Collected data
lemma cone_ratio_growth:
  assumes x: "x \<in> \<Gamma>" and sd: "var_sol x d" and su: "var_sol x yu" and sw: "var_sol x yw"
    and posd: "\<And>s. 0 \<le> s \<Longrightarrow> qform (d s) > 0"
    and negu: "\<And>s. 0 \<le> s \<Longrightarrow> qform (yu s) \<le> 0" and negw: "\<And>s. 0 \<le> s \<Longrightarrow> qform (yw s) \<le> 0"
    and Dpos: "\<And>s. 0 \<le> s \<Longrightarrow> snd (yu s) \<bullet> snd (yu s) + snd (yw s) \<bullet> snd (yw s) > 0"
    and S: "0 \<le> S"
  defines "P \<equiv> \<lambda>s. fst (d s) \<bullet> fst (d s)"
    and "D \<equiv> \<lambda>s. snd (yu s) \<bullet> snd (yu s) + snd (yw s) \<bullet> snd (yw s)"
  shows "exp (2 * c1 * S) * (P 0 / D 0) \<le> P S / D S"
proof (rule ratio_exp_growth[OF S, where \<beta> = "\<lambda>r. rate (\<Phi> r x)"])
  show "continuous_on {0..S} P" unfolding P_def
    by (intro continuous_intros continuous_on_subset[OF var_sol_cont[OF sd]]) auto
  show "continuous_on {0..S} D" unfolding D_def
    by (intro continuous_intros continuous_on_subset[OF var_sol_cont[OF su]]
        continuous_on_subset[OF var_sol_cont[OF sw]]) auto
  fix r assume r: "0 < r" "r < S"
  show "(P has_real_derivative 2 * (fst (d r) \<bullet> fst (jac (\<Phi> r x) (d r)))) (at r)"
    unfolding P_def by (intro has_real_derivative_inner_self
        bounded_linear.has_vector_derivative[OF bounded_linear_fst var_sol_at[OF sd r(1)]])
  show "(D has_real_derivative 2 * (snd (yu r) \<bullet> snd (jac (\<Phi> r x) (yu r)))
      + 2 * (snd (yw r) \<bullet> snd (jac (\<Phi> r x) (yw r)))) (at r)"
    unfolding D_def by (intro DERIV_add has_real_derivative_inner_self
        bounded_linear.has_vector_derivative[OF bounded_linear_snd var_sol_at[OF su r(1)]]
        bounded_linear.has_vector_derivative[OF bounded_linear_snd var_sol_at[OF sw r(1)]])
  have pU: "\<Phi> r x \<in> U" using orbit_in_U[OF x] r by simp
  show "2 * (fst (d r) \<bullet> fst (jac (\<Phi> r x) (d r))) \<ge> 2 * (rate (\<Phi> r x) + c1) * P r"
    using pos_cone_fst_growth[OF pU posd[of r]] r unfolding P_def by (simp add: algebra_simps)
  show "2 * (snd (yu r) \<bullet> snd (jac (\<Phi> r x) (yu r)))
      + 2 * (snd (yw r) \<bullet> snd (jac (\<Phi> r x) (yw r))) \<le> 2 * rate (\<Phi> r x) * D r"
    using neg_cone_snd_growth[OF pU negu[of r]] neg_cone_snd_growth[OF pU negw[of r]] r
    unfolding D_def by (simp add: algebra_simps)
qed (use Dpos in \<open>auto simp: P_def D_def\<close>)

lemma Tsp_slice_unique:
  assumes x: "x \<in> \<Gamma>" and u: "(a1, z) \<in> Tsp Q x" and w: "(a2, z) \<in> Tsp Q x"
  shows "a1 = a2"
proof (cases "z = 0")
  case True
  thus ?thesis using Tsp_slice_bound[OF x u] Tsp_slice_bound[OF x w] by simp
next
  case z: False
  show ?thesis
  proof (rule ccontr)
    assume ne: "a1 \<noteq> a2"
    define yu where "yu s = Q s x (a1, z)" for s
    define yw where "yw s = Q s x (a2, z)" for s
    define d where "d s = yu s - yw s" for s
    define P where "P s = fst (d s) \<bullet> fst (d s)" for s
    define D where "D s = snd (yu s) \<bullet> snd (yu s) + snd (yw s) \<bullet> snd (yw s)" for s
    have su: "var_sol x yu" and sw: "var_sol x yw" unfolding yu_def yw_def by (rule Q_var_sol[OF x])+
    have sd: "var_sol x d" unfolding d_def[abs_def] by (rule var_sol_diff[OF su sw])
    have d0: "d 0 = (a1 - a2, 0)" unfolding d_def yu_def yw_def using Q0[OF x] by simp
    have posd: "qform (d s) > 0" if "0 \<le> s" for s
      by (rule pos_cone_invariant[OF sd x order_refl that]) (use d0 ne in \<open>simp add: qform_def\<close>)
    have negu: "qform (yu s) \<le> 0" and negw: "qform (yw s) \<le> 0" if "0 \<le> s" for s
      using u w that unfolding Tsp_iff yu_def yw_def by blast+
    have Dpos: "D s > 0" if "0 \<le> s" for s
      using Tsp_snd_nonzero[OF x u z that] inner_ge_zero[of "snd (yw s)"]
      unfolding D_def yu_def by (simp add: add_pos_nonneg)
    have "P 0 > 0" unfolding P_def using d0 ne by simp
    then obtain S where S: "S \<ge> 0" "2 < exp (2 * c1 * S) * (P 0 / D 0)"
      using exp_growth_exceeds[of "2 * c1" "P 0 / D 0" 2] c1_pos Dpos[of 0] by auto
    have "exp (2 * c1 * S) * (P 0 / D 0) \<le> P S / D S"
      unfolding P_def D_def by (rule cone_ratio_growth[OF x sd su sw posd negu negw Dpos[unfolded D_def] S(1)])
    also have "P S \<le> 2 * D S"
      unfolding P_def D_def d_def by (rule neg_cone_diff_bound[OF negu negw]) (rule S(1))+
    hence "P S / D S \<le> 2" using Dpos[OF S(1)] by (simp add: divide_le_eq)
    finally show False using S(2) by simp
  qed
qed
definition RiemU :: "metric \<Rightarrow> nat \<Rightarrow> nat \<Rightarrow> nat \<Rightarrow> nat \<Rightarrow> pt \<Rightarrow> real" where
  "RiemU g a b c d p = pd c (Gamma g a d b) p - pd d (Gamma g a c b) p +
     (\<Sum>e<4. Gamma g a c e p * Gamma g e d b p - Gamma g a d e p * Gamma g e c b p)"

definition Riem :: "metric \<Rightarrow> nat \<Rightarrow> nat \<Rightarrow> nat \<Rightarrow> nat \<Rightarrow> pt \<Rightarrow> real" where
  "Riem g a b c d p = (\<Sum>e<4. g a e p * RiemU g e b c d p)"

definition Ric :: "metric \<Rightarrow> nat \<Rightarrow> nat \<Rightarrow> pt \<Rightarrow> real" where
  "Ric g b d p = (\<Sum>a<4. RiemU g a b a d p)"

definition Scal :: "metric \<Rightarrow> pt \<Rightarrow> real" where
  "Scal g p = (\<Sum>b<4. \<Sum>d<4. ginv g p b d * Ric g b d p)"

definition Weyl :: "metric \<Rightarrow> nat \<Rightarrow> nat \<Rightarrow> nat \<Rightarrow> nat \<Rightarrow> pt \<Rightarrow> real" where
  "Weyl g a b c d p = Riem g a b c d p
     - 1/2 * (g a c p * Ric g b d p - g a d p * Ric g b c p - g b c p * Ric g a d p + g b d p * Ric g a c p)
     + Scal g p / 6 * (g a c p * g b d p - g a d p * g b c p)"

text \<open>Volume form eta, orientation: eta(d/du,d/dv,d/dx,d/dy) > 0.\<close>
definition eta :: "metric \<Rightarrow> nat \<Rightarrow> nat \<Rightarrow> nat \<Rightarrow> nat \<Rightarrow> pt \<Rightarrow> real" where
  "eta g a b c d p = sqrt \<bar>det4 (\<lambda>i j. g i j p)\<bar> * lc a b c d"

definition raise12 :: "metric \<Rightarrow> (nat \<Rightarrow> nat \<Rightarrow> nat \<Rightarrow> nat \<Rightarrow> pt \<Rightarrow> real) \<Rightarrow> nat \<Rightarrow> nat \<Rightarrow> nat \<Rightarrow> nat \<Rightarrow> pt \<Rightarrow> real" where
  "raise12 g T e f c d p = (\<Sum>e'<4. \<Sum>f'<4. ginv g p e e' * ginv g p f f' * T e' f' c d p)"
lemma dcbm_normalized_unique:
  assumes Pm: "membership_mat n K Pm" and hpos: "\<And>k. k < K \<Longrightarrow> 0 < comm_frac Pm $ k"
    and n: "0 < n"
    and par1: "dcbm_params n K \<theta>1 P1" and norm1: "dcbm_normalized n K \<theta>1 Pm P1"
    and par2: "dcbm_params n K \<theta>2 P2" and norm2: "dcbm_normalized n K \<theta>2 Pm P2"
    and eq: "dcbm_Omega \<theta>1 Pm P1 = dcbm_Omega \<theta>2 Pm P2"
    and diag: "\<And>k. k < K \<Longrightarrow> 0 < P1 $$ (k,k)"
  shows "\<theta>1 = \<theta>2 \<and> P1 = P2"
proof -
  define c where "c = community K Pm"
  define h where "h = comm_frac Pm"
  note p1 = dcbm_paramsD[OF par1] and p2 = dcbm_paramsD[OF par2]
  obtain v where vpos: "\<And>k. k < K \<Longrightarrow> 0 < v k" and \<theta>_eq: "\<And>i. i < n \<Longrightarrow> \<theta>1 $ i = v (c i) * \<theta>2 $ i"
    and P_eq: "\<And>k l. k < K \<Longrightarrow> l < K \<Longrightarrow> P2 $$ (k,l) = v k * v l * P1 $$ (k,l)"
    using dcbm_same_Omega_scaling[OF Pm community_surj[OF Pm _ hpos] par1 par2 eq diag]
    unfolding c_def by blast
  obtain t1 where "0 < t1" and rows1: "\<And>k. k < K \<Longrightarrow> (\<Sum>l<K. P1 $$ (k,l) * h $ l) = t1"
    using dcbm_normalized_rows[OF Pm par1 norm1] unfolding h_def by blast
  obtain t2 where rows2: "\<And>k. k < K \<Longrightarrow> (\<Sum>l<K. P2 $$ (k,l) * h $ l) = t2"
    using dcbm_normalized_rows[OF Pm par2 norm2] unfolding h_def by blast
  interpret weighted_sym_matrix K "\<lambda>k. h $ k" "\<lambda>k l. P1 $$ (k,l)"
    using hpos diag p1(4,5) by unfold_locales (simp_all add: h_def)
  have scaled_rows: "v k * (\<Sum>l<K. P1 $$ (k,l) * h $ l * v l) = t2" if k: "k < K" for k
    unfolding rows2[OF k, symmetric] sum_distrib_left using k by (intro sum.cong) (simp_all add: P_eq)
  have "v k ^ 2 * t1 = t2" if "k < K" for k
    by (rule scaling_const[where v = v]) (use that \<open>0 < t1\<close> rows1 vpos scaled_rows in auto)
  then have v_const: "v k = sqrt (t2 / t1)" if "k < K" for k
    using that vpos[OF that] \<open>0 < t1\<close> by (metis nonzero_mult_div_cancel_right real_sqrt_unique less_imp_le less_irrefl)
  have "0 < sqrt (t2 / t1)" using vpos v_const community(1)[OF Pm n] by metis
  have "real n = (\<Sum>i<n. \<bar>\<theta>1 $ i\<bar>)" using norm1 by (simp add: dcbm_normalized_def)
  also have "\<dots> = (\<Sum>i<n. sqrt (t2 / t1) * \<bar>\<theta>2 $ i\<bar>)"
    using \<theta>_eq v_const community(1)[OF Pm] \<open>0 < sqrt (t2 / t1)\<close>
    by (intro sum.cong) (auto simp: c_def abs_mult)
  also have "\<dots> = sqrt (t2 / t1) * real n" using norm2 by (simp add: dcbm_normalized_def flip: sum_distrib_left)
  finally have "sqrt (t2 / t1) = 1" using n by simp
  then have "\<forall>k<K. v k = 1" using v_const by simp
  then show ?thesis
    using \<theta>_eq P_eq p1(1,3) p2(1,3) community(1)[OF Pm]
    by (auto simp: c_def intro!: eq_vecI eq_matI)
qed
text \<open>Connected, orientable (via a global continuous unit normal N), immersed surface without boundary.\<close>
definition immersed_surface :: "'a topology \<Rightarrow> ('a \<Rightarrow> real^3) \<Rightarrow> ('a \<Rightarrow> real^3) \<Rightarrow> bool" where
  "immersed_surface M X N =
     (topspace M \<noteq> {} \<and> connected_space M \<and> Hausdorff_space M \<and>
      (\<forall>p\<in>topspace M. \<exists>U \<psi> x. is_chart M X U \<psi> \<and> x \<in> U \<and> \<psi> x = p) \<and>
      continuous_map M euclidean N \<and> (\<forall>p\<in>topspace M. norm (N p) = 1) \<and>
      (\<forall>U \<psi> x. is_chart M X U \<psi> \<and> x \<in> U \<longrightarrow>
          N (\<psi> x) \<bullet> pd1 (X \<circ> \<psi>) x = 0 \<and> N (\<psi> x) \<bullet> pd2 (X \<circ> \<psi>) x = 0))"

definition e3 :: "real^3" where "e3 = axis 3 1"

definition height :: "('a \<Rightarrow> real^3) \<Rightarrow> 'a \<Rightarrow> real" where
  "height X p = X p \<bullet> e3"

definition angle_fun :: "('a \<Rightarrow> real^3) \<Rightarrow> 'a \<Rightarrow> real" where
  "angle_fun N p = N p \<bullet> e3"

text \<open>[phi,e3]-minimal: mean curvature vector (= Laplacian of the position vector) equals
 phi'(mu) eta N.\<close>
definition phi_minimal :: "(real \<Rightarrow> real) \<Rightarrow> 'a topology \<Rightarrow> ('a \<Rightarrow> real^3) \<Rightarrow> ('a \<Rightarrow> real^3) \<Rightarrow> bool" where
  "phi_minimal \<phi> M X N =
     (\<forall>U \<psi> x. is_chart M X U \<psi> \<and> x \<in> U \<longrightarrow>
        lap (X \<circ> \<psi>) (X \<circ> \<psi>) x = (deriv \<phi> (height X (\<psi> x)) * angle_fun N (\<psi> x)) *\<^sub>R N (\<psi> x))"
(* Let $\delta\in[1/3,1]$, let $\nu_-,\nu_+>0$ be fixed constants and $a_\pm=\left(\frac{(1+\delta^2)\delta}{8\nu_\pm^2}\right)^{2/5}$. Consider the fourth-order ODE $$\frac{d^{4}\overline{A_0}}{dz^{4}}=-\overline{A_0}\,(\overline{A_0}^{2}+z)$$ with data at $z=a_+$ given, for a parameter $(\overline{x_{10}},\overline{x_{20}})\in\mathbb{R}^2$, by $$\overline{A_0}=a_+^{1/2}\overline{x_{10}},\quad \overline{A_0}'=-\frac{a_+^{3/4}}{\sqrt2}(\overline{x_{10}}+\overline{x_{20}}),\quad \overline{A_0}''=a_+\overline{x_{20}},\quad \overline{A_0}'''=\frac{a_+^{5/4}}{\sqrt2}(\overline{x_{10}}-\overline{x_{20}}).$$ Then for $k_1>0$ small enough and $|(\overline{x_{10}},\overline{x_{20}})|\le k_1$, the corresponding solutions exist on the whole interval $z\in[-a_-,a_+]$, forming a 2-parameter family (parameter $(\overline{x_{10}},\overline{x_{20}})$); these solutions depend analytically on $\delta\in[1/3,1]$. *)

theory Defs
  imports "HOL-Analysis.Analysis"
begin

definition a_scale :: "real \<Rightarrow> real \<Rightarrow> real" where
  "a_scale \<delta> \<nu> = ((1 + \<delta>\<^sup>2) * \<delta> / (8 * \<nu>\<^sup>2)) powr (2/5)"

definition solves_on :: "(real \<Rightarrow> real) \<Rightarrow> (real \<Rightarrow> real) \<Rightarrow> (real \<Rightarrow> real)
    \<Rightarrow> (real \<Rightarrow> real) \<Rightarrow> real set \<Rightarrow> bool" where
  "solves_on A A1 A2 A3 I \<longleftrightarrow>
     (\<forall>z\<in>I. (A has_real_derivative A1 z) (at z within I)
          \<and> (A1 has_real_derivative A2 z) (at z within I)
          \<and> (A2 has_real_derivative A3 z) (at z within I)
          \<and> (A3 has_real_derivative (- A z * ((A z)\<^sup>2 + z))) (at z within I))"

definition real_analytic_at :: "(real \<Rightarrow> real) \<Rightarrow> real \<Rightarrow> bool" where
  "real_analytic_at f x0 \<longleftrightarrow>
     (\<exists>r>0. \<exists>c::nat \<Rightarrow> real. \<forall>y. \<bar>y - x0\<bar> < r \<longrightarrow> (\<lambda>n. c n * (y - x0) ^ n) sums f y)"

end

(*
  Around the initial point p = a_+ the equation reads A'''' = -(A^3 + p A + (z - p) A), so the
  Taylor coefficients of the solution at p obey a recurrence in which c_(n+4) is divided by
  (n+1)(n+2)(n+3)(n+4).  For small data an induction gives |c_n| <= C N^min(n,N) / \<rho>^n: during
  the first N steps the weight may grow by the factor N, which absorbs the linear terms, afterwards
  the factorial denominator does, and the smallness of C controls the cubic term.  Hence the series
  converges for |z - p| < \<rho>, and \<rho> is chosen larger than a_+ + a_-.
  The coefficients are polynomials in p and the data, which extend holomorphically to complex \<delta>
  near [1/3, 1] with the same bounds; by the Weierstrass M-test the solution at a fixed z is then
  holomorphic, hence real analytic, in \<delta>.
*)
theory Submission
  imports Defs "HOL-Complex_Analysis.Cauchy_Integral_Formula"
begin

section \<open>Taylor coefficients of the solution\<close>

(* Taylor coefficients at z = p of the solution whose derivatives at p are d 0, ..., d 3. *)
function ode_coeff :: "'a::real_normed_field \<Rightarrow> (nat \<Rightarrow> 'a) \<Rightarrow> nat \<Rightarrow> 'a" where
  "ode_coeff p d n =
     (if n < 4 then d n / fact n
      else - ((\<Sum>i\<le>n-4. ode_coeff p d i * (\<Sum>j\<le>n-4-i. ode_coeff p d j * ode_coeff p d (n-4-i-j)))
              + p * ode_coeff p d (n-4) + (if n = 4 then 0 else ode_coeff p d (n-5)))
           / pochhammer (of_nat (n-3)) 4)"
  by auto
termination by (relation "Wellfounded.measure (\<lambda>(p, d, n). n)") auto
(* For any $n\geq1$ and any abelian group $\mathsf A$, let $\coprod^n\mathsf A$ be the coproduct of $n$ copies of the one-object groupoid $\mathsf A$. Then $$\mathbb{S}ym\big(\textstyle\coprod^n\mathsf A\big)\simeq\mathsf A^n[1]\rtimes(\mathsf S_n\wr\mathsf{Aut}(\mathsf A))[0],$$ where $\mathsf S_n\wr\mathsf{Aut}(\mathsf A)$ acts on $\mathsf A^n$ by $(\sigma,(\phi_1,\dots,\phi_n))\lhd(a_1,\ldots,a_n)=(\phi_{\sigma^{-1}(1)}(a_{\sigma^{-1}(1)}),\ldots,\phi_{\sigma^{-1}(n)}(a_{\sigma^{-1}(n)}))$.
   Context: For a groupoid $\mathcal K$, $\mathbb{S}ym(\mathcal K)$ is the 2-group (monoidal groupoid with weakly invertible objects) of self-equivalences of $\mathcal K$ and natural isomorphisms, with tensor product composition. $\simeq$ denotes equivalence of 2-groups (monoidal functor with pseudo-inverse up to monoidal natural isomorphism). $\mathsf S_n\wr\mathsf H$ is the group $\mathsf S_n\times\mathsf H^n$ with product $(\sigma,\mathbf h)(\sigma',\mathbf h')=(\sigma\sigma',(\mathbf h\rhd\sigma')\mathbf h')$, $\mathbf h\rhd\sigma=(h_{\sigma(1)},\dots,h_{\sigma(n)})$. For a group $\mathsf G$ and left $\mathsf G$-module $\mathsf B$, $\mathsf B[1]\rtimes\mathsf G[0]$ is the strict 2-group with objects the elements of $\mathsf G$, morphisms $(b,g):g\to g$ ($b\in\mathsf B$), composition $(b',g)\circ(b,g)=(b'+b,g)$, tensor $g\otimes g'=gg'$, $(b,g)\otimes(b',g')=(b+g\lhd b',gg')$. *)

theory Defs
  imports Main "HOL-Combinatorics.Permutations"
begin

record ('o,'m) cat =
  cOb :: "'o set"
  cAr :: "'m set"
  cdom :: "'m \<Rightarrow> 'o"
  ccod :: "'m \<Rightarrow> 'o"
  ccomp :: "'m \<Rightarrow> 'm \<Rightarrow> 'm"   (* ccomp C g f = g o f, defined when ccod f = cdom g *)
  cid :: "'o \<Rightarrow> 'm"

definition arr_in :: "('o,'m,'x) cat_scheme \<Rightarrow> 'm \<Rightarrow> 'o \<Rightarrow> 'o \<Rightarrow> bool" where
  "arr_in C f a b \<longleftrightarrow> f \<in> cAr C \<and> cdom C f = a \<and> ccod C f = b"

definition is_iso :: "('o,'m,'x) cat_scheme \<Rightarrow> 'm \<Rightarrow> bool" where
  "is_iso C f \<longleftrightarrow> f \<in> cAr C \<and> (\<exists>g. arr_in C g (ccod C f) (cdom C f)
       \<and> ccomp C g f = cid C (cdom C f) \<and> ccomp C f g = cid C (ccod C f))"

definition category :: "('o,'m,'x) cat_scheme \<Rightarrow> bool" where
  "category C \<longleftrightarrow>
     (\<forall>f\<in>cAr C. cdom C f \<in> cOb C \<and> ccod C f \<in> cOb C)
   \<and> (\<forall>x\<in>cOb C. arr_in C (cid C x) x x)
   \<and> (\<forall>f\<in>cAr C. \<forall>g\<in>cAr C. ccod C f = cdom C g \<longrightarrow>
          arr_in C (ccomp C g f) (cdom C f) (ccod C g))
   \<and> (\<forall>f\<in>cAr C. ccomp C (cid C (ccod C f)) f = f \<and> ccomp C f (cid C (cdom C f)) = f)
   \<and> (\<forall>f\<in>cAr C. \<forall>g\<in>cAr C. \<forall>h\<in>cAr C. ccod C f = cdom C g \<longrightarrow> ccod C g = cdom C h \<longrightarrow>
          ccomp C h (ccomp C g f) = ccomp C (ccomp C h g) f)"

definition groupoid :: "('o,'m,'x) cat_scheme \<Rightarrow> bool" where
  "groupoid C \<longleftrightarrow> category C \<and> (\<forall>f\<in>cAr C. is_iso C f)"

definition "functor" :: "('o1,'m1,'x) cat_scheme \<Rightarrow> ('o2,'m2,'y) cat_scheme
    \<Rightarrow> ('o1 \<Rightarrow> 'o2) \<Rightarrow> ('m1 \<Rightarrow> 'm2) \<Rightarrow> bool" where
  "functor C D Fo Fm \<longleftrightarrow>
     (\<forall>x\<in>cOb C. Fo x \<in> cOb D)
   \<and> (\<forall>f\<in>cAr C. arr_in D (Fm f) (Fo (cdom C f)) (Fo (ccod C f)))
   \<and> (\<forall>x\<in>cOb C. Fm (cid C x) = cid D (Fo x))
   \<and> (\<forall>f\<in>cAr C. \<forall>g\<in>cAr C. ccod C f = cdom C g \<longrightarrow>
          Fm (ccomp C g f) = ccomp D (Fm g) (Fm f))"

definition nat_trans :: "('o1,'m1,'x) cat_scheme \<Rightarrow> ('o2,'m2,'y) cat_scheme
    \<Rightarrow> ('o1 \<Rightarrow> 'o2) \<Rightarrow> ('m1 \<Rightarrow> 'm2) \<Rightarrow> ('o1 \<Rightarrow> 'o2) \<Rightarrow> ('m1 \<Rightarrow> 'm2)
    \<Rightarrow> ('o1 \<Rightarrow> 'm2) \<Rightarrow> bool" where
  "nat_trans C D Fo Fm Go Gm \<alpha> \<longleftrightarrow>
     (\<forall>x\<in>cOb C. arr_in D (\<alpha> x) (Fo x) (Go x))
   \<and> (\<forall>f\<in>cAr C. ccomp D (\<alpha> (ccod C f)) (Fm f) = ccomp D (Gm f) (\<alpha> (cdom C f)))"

§ **Your objective**:
For this exercise, please output exactly the lines above starting at the line with "using that vpos[OF" and ending at the line with "by (intro sum.cong) (auto", ends included.

§ **Written reply**:
    using that vpos[OF that] \<open>0 < t1\<close> by (metis nonzero_mult_div_cancel_right real_sqrt_unique less_imp_le less_irrefl)
  have "0 < sqrt (t2 / t1)" using vpos v_const community(1)[OF Pm n] by metis
  have "real n = (\<Sum>i<n. \<bar>\<theta>1 $ i\<bar>)" using norm1 by (simp add: dcbm_normalized_def)
  also have "\<dots> = (\<Sum>i<n. sqrt (t2 / t1) * \<bar>\<theta>2 $ i\<bar>)"
    using \<theta>_eq v_const community(1)[OF Pm] \<open>0 < sqrt (t2 / t1)\<close>
    by (intro sum.cong) (auto simp: c_def abs_mult)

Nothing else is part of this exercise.